Госпожа Ладунер кивнула устало.
— Он был как Лайбундгут, которого я вам показывал, Штудер. Герберт пил, и я оставил его на три месяца в «Н». Вы раскопали это… Вы раскрыли даже его дружбу с Питерленом, с Гильгеном. Он был милый, приятный человек, Герберт Каплаун… Потом я сделал его своим частным пациентом. Я не мог воспрепятствовать тому, чтобы он не узнал о напряженных отношениях, сложившихся между мной и директором. Каплаун пытался, так считаете вы, выразить мне свою благодарность, убив директора, тем более что все свидетельствует против него: мешок с песком, приготовленный для него Питерленом, разговор по телефону в тот вечер, во время «праздника серпа»… Но, Штудер, разве вам не бросилась в глаза одна деталь? Вы действительно верите в то, что старый директор, подозрительный, каким он был, а болезнь еще больше усилила его подозрительность, — вы верите в то, что старый директор вот так ни с того ни с сего взял да и пошел куда–то ночью на свидание? Такой подозрительный, как он? Вы действительно можете в это поверить?
Молчание. Глаза госпожи Ладунер были широко раскрыты, она в страхе смотрела на своего мужа.

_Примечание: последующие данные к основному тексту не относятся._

(* For every integer $n\ge 3$, let $t(n)$ denote the largest positive integer $k$ such that there exists a positive tribonacci sequence of length $k$ terminating at $n$. Then there are at most $561001$ positive tribonacci sequences of length $t(n)$ terminating at $n$.
   Context: A tribonacci sequence of length $k$ is a sequence of integers $\langle a_i\rangle_{i=1}^k$ such that $a_i=a_{i-1}+a_{i-2}+a_{i-3}$ for all $4\le i\le k$. It terminates at $a_k$. It is positive if $a_1,a_2,a_3>0$ (for length less than 3, all terms are required to be positive). For $n\ge 3$ the set of such $k$ is non-empty and bounded, so $t(n)$ is well defined. *)

theory Defs
  imports Main
begin

text \<open>A sequence a_1..a_k is represented by a list xs of length k, with a_i = xs ! (i-1).\<close>

definition is_tribonacci :: "int list \<Rightarrow> bool" where
  "is_tribonacci xs \<longleftrightarrow>
     (\<forall>i. 3 \<le> i \<and> i < length xs \<longrightarrow> xs ! i = xs ! (i-1) + xs ! (i-2) + xs ! (i-3))"

definition is_positive_seq :: "int list \<Rightarrow> bool" where
  "is_positive_seq xs \<longleftrightarrow> (\<forall>i < min (length xs) 3. xs ! i > 0)"

definition terminates_at :: "int list \<Rightarrow> int \<Rightarrow> bool" where
  "terminates_at xs n \<longleftrightarrow> xs \<noteq> [] \<and> last xs = n"

definition pos_trib_ending :: "int \<Rightarrow> nat \<Rightarrow> int list set" where
  "pos_trib_ending n k = {xs. length xs = k \<and> is_tribonacci xs \<and> is_positive_seq xs \<and> terminates_at xs n}"

definition t :: "int \<Rightarrow> nat" where
  "t n = (GREATEST k. k > 0 \<and> pos_trib_ending n k \<noteq> {})"

end

theory Submission
  imports Defs Complex_Main
begin

(*
  Encode a tribonacci sequence by its windows (a_i, a_{i+1}, a_{i+2}); one step of the
  sequence is the companion map trib_step (a, b, c) = (b, c, a + b + c). Two forms adapted to
  its eigenvalues control everything: lin_form is multiplied by the tribonacci constant rho,
  quad_form by 1/rho. On the positive octant quad_form <= lin_form^2, while off the octant
  lin_form^2 <= 900 * quad_form wherever lin_form > 0.

  Let k = t n and m = k - 3. The last window e of a positive sequence of length k ending at n
  satisfies rho^(3m) * quad_form e <= lin_form(e)^2 <= rho^4 * n^2. On the other hand the
  integer window ending at n closest to the dominant eigenline has quad_form <= 1; pulled
  back m + 1 steps it cannot be positive, as k is maximal, and this forces
  n^2 <= 900 * rho^(3m + 1). Hence quad_form e <= 900 * rho^5, so the first two entries of e
  lie within 250 of n/rho^2 and n/rho. As e determines the whole sequence, there are at most
  500^2 <= 561001 such sequences.
*)

type_synonym 'a triple = "'a \<times> 'a \<times> 'a"

fun trib_step :: "'a::plus triple \<Rightarrow> 'a triple" where
  "trib_step (a, b, c) = (b, c, a + b + c)"

fun trib_step_inv :: "'a::ab_group_add triple \<Rightarrow> 'a triple" where
  "trib_step_inv (a, b, c) = (c - a - b, a, b)"

fun positive_triple :: "'a::linordered_idom triple \<Rightarrow> bool" where
  "positive_triple (a, b, c) \<longleftrightarrow> 0 < a \<and> 0 < b \<and> 0 < c"

fun of_int_triple :: "int triple \<Rightarrow> 'a::ring_1 triple" where
  "of_int_triple (a, b, c) = (of_int a, of_int b, of_int c)"

lemma trib_step_pow_inv: "(trib_step ^^ j) ((trib_step_inv ^^ j) w) = w"
proof (induction j arbitrary: w)
  case (Suc j)
  have "trib_step (trib_step_inv v) = v" for v :: "'a triple" by (cases v) simp
  then show ?case
    unfolding funpow_Suc_right[where f = trib_step] funpow.simps(2)[where f = trib_step_inv] comp_apply
    by (simp add: Suc.IH)
qed simp

lemma inj_trib_step_pow: "inj (trib_step ^^ j :: 'a::ab_group_add triple \<Rightarrow> _)"
proof (rule inj_fn, rule injI)
  fix v w :: "'a triple"
  assume "trib_step v = trib_step w"
  then show "v = w" by (cases v; cases w) auto
qed

lemma positive_trib_step_pow:
  "positive_triple w \<Longrightarrow> positive_triple ((trib_step ^^ j) w)"
proof (induction j)
  case (Suc j)
  then show ?case by (cases "(trib_step ^^ j) w") auto
qed simp

lemma trib_step_pow_third_ge:
  fixes w :: "int triple"
  assumes "positive_triple w"
  shows "int j + 1 \<le> snd (snd ((trib_step ^^ j) w))"
proof (induction j)
  case 0
  then show ?case using assms by (cases w) auto
next
  case (Suc j)
  then show ?case
    using positive_trib_step_pow[OF assms, of j] by (cases "(trib_step ^^ j) w") auto
qed

lemma of_int_triple_trib_step_pow:
  "of_int_triple ((trib_step ^^ j) w) = (trib_step ^^ j) (of_int_triple w)"
proof (induction j)
  case (Suc j)
  show ?case by (cases "(trib_step ^^ j) w") (simp add: Suc.IH[symmetric])
qed simp

lemma positive_of_int_triple:
  "positive_triple (of_int_triple w :: 'a::linordered_idom triple) \<longleftrightarrow> positive_triple w"
  by (cases w) simp

definition trib_list :: "'a::plus triple \<Rightarrow> nat \<Rightarrow> 'a list" where
  "trib_list w k = map (\<lambda>i. fst ((trib_step ^^ i) w)) [0..<k]"

lemma length_trib_list [simp]: "length (trib_list w k) = k"
  by (simp add: trib_list_def)

lemma trib_list_eq_Nil_iff [simp]: "trib_list w k = [] \<longleftrightarrow> k = 0"
  by (simp add: trib_list_def)

lemma nth_trib_list [simp]: "i < k \<Longrightarrow> trib_list w k ! i = fst ((trib_step ^^ i) w)"
  by (simp add: trib_list_def)

lemma fst_trib_step_pow_add_3:
  "fst ((trib_step ^^ (j + 3)) w) = fst ((trib_step ^^ (j + 2)) w) + fst ((trib_step ^^ (j + 1)) w)
     + fst ((trib_step ^^ j) (w :: 'a::comm_monoid_add triple))"
  by (cases "(trib_step ^^ j) w") (simp add: eval_nat_numeral ac_simps)

lemma is_tribonacci_trib_list: "is_tribonacci (trib_list w k)"
  unfolding is_tribonacci_def
proof (intro allI impI)
  fix i assume i: "3 \<le> i \<and> i < length (trib_list w k)"
  then obtain j where j: "i = j + 3" by (metis add.commute le_Suc_ex)
  then show "trib_list w k ! i =
      trib_list w k ! (i - 1) + trib_list w k ! (i - 2) + trib_list w k ! (i - 3)"
    using i fst_trib_step_pow_add_3[of j w] by (simp add: ac_simps)
qed

lemma tribonacci_eq_trib_list:
  assumes "is_tribonacci xs" "3 \<le> length xs"
  shows "xs = trib_list (xs ! 0, xs ! 1, xs ! 2) (length xs)"
proof -
  define w where "w = (xs ! 0, xs ! 1, xs ! 2)"
  have "xs ! i = trib_list w (length xs) ! i" if "i < length xs" for i
    using that
  proof (induction i rule: less_induct)
    case (less i)
    show ?case
    proof (cases "i < 3")
      case True
      then show ?thesis using less.prems by (auto simp: w_def eval_nat_numeral less_Suc_eq)
    next
      case False
      then obtain j where j: "i = j + 3" by (metis add.commute le_Suc_ex not_less)
      have "xs ! i = xs ! (j + 2) + xs ! (j + 1) + xs ! j"
        using assms(1) less.prems unfolding is_tribonacci_def j by (auto dest!: spec[of _ "j + 3"])
      then show ?thesis
        using less.IH less.prems fst_trib_step_pow_add_3[of j w] by (simp add: j)
    qed
  qed
  then show ?thesis by (simp add: w_def nth_equalityI)
qed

— Тут кто–то помог… Кто? В расчет можно брать троих мужчин, — троих, кто мог разговаривать с директором между телефонным звонком и его приходом в котельную… Троих мужчин — и одну женщину. Но женщина отпадает. Остаются: первый — я. (Пожалуйста, не отмахивайтесь, у меня был свой интерес.) Второй — Юцелер, и третий — швейцар Драйер… Моя жена может подтвердить вам, что в ночь с первого на второе сентября я ушел из квартиры без четверти час и вернулся назад только около половины третьего. Как раз вовремя, чтобы меня успели вызвать в «Н» — пациент Питерлен исчез. Что я делал в этот промежуток? Ночной сторож видел меня у двери в котельную, как я бежал за кем–то. Очевидно, за Каплауном… Собственно, ваше подозрение должно было пасть на меня, после того, что сообщил вам ночной сторож. Но вы не стали придавать этому значения. Пусть будет так. Второй, о ком может идти речь, — Юцелер. У него был спор с директором, из–за санитара Гильгена. Юцелер мог бы быть главным в деле, он вполне мог заманить директора в котельную. Но он тоже выпадает из игры, потому что…

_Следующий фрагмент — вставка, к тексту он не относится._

lemma weighted_power_mean:
  fixes w y :: "'i \<Rightarrow> real"
  assumes "finite A" "\<And>i. i \<in> A \<Longrightarrow> 0 \<le> w i" "\<And>i. i \<in> A \<Longrightarrow> 0 \<le> y i" "1 \<le> p"
    and W: "(\<Sum>i\<in>A. w i) \<le> W"
  shows "(\<Sum>i\<in>A. w i * y i) powr p \<le> W powr (p - 1) * (\<Sum>i\<in>A. w i * y i powr p)"
proof -
  define A' where "A' = {i\<in>A. 0 < w i \<and> 0 < y i}"
  have A'A: "A' \<subseteq> A" by (auto simp: A'_def)
  have fA': "finite A'" using assms(1) A'A by (rule finite_subset[rotated])
  have s1: "(\<Sum>i\<in>A. w i * y i) = (\<Sum>i\<in>A'. w i * y i)"
    using assms(1) A'A assms(2,3) by (intro sum.mono_neutral_right) (auto simp: A'_def less_le)
  have s2: "(\<Sum>i\<in>A. w i * y i powr p) = (\<Sum>i\<in>A'. w i * y i powr p)"
    using assms(1) A'A assms(2,3,4) by (intro sum.mono_neutral_right) (auto simp: A'_def less_le)
  have WA': "(\<Sum>i\<in>A'. w i) \<le> W"
    using assms(1,2) A'A W by (meson order.trans sum_mono2 Diff_iff)
  show ?thesis
  proof (cases "A' = {}")
    case True
    then show ?thesis using s1 assms by (auto intro!: mult_nonneg_nonneg sum_nonneg)
  next
    case False
    have "(\<Sum>i\<in>A'. w i * y i) powr p \<le> (\<Sum>i\<in>A'. w i) powr (p - 1) * (\<Sum>i\<in>A'. w i * y i powr p)"
      by (rule weighted_power_mean_pos[OF fA' False _ _ assms(4)]) (auto simp: A'_def)
    also have "\<dots> \<le> W powr (p - 1) * (\<Sum>i\<in>A'. w i * y i powr p)"
      using A'A assms(2,4) WA' by (intro mult_right_mono powr_mono2 sum_nonneg) auto
    finally show ?thesis using s1 s2 by simp
  qed
qed

lemma power_mean_exp_weights:
  fixes \<gamma> a :: "nat \<Rightarrow> real"
  assumes "finite A" "\<And>k. 0 \<le> \<gamma> k" "\<And>k. 0 \<le> a k" "1 \<le> q"
    and W: "(\<Sum>k\<in>A. \<gamma> k * 2 powr (real k * t)) \<le> W"
  shows "(\<Sum>k\<in>A. \<gamma> k * a k) powr q
     \<le> W powr (q - 1) * (\<Sum>k\<in>A. \<gamma> k * 2 powr (real k * t) * 2 powr (- (real k * q * t)) * a k powr q)"
proof -
  define w where "w k = \<gamma> k * 2 powr (real k * t)" for k
  define y where "y k = 2 powr (- (real k * t)) * a k" for k
  have "(\<Sum>k\<in>A. \<gamma> k * a k) = (\<Sum>k\<in>A. w k * y k)"
    by (intro sum.cong refl) (simp add: w_def y_def powr_minus field_simps)
  also have "\<dots> powr q \<le> W powr (q - 1) * (\<Sum>k\<in>A. w k * y k powr q)"
    using assms by (intro weighted_power_mean) (auto simp: w_def y_def)
  also have "(\<Sum>k\<in>A. w k * y k powr q) = (\<Sum>k\<in>A. w k * 2 powr (- (real k * q * t)) * a k powr q)"
    by (intro sum.cong refl) (simp add: y_def powr_mult powr_powr mult_ac)
  finally show ?thesis by (simp add: w_def)
qed

lemma sum_powr_le_powr_sum:
  fixes x :: "'i \<Rightarrow> real"
  assumes "finite A" "\<And>i. i \<in> A \<Longrightarrow> 0 \<le> x i" "1 \<le> p"
  shows "(\<Sum>i\<in>A. x i powr p) \<le> (\<Sum>i\<in>A. x i) powr p"
proof -
  define X where "X = (\<Sum>i\<in>A. x i)"
  have X0: "0 \<le> X" unfolding X_def using assms by (intro sum_nonneg) auto
  have "x i powr p \<le> x i * X powr (p - 1)" if i: "i \<in> A" for i
  proof (cases "x i = 0")
    case True then show ?thesis using assms(3) by simp
  next
    case False
    then have pos: "0 < x i" using assms(2) i by (simp add: less_le)
    have xi: "x i \<le> X" unfolding X_def using assms i by (intro member_le_sum) auto
    have "x i powr p = x i * x i powr (p - 1)" using pos by (simp add: powr_diff field_simps)
    also have "\<dots> \<le> x i * X powr (p - 1)"
      using pos xi assms(3) by (intro mult_left_mono powr_mono2) auto
    finally show ?thesis .
  qed
  then have "(\<Sum>i\<in>A. x i powr p) \<le> X * X powr (p - 1)"
    by (simp add: X_def sum_distrib_right sum_mono)
  also have "X * X powr (p - 1) = X powr p"
    using X0 assms(3) by (cases "X = 0") (simp_all add: powr_diff field_simps)
  finally show ?thesis by (simp add: X_def)
qed

lemma sum_powr_le_card_powr_sum:
  fixes x :: "'i \<Rightarrow> real"
  assumes "finite A" "\<And>i. i \<in> A \<Longrightarrow> 0 \<le> x i" "0 < p" "p \<le> 1"
  shows "(\<Sum>i\<in>A. x i powr p) \<le> real (card A) powr (1 - p) * (\<Sum>i\<in>A. x i) powr p"
proof -
  define S where "S = (\<Sum>i\<in>A. x i powr p)"
  have S0: "0 \<le> S" unfolding S_def by (intro sum_nonneg) auto
  have "S powr (1/p) \<le> real (card A) powr (1/p - 1) * (\<Sum>i\<in>A. 1 * (x i powr p) powr (1/p))"
    using weighted_power_mean[of A "\<lambda>_. 1" "\<lambda>i. x i powr p" "1/p" "real (card A)"] assms
    by (simp add: S_def field_simps)
  also have "(\<Sum>i\<in>A. 1 * (x i powr p) powr (1/p)) = (\<Sum>i\<in>A. x i)"
    using assms by (intro sum.cong refl) (auto simp: powr_powr)
  finally have "(S powr (1/p)) powr p \<le> (real (card A) powr (1/p - 1) * (\<Sum>i\<in>A. x i)) powr p"
    using assms S0 by (intro powr_mono2) auto
  also have "\<dots> = real (card A) powr ((1/p - 1) * p) * (\<Sum>i\<in>A. x i) powr p"
    using assms by (simp add: powr_mult powr_powr sum_nonneg)
  also have "(1/p - 1) * p = 1 - p" using assms(3) by (simp add: field_simps)
  finally show ?thesis using S0 assms by (simp add: powr_powr S_def)
qed

lemma sum_powr_le_card:
  fixes x :: "'i \<Rightarrow> real"
  assumes "finite A" "\<And>i. i \<in> A \<Longrightarrow> 0 \<le> x i" "0 < p"
  shows "(\<Sum>i\<in>A. x i powr p) \<le> real (card A) powr (max (1 - p) 0) * (\<Sum>i\<in>A. x i) powr p"
proof (cases "A = {}")
  case False
  then have c: "1 \<le> real (card A)" using assms(1) by (simp add: Suc_le_eq card_gt_0_iff)
  show ?thesis
  proof (cases "p \<le> 1")
    case True then show ?thesis using sum_powr_le_card_powr_sum[OF assms True] by simp
  next
    case False then show ?thesis using sum_powr_le_powr_sum[OF assms(1,2), where p=p] c by simp
  qed
qed simp

lemma powr_add_le:
  fixes x y q :: real
  assumes "0 \<le> x" "0 \<le> y" "1 \<le> q"
  shows "(x + y) powr q \<le> 2 powr q * (x powr q + y powr q)"
proof -
  have "(x + y) powr q \<le> (2 * max x y) powr q"
    using assms by (intro powr_mono2) auto
  also have "\<dots> = 2 powr q * max x y powr q" using assms by (simp add: powr_mult)
  also have "max x y powr q \<le> x powr q + y powr q"
    by (cases "x \<le> y") (auto simp: max_def)
  then have "2 powr q * max x y powr q \<le> 2 powr q * (x powr q + y powr q)"
    by (intro mult_left_mono) auto
  finally show ?thesis .
qed

lemma geometric_sum_le:
  fixes x :: real
  assumes "0 \<le> x" "x < 1"
  shows "(\<Sum>m\<in>{k..M}. x ^ m) \<le> x ^ k / (1 - x)"
proof -
  have "(\<Sum>m\<in>{k..M}. x ^ m) \<le> (\<Sum>m\<in>{k..max k M}. x ^ m)"
    using assms by (intro sum_mono2) auto
  also have "\<dots> = (x ^ k - x ^ Suc (max k M)) / (1 - x)"
    using sum_gp_multiplied[of k "max k M" x] assms by (simp add: field_simps)
  also have "\<dots> \<le> x ^ k / (1 - x)" using assms by (intro divide_right_mono) auto
  finally show ?thesis .
qed

lemma grouped_geometric_sum:
  fixes f :: "'i \<Rightarrow> real" and g :: "'i \<Rightarrow> nat"
  assumes "finite S" "g ` S \<subseteq> {k..M}" "0 \<le> B" "0 \<le> x" "x < 1"
    and group: "\<And>m. m \<in> {k..M} \<Longrightarrow> (\<Sum>i\<in>{i\<in>S. g i = m}. f i) \<le> B * x ^ m"
  shows "(\<Sum>i\<in>S. f i) \<le> B * (x ^ k / (1 - x))"
proof -
  have "(\<Sum>i\<in>S. f i) = (\<Sum>m\<in>{k..M}. \<Sum>i\<in>{i\<in>S. g i = m}. f i)"
    using assms(1,2) by (intro sum.group[symmetric]) auto
  also have "\<dots> \<le> (\<Sum>m\<in>{k..M}. B * x ^ m)"
    using group by (rule sum_mono)
  also have "\<dots> = B * (\<Sum>m\<in>{k..M}. x ^ m)"
    by (rule sum_distrib_left[symmetric])
  also have "\<dots> \<le> B * (x ^ k / (1 - x))"
    using assms(3-5) by (intro mult_left_mono geometric_sum_le)
  finally show ?thesis .
qed

lemma sum_swap_atMost:
  fixes g :: "'i \<Rightarrow> nat \<Rightarrow> real"
  assumes "finite F" "\<And>i. i \<in> F \<Longrightarrow> m i \<le> M"
  shows "(\<Sum>i\<in>F. \<Sum>k\<le>m i. g i k) = (\<Sum>k\<le>M. \<Sum>i\<in>{i\<in>F. k \<le> m i}. g i k)"
proof -
  have "{..m i} = {k\<in>{..M}. k \<le> m i}" if "i \<in> F" for i
    using assms(2)[OF that] by auto
  then have "(\<Sum>i\<in>F. \<Sum>k\<le>m i. g i k) = (\<Sum>i\<in>F. \<Sum>k\<in>{k\<in>{..M}. k \<le> m i}. g i k)"
    by (intro sum.cong refl) auto
  also have "\<dots> = (\<Sum>k\<le>M. \<Sum>i\<in>{i\<in>F. k \<le> m i}. g i k)"
    using assms(1) by (intro sum.swap_restrict) auto
  finally show ?thesis .
qed

lemma ennreal_le_suminf_term: "f t \<le> (\<Sum>i. f i :: ennreal)"
  using sum_le_suminf[of f "{t}"] by simp

lemma epow_ennreal: "0 \<le> y \<Longrightarrow> epow (ennreal y) q = ennreal (y powr q)"
  by (simp add: epow_def)

lemma epow_le:
  assumes "x \<le> ennreal y" "0 \<le> y" "0 < q"
  shows "epow x q \<le> ennreal (y powr q)"
proof (cases x rule: ennreal_cases)
  case (real r)
  then show ?thesis using assms by (simp add: epow_def powr_mono2 ennreal_leI)
next
  case top then show ?thesis using assms(1) by (simp add: top_unique)
qed


section \<open>Cubes and their dilates\<close>

lemma cube_borel: "cube (a::real^'n) l \<in> sets borel"
proof -
  have "cube a l = (\<Inter>i. {x. a$i \<le> x$i}) \<inter> (\<Inter>i. {x. x$i < a$i + l})"
    by (auto simp: cube_def)
  moreover have "(\<Inter>i. {x::real^'n. a$i \<le> x$i}) \<in> sets borel"
    by (intro borel_closed closed_INT ballI closed_halfspace_component_ge_cart)
  moreover have "(\<Inter>i. {x::real^'n. x$i < a$i + l}) \<in> sets borel"
    by (intro borel_open open_INT ballI open_halfspace_component_lt_cart) auto
  ultimately show ?thesis by auto
qed

lemma cube_lebesgue[measurable]: "cube (a::real^'n) l \<in> sets lebesgue"
  using cube_borel[of a l] by (metis sets_lborel sets_completionI_sets)

text \<open>A half-open cube lies between the open and the closed box with the same corners, and
  both of these have volume l^n.\<close>
lemma emeasure_cube:
  assumes "0 \<le> l"
  shows "emeasure lebesgue (cube (a::real^'n) l) = ennreal (l ^ CARD('n))"
proof -
  define b :: "real^'n" where "b = a + (\<chi> i. l)"
  have sub: "box a b \<subseteq> cube a l" "cube a l \<subseteq> cbox a b"
    by (force simp: b_def cube_def mem_box_cart less_imp_le)+
  have "a \<in> cbox a b" using assms by (simp add: b_def mem_box_cart)
  then have c: "measure lborel (cbox a b) = l ^ CARD('n)"
    using content_cbox_cart[of a b] by (auto simp: b_def)
  then have b: "measure lborel (box a b) = l ^ CARD('n)"
    by (simp only: measure_lborel_box_eq measure_lborel_cbox_eq)
  have "emeasure lborel (cube a l) \<le> ennreal (l ^ CARD('n))"
    using emeasure_mono[OF sub(2), of lborel] c emeasure_lborel_cbox_finite[of a b]
    by (simp add: emeasure_eq_ennreal_measure less_top)
  moreover have "ennreal (l ^ CARD('n)) \<le> emeasure lborel (cube a l)"
    using emeasure_mono[OF sub(1), of lborel] b emeasure_lborel_box_finite[of a b] cube_borel[of a l]
    by (simp add: emeasure_eq_ennreal_measure less_top)
  ultimately show ?thesis using cube_borel[of a l] by simp
qed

Доктор Ладунер нарочно держал паузу, медленно раскуривая сигарету.
— …потому что после безрезультатной беготни за своим подопечным частным пациентом Каплауном я увидел в коридоре полуподвала мужчину, запиравшего дверь котельной… Знаете, кого?
Штудер кивнул. Вдруг все встало на свои места. Он сгорал от стыда. Он действительно ни черта не понял…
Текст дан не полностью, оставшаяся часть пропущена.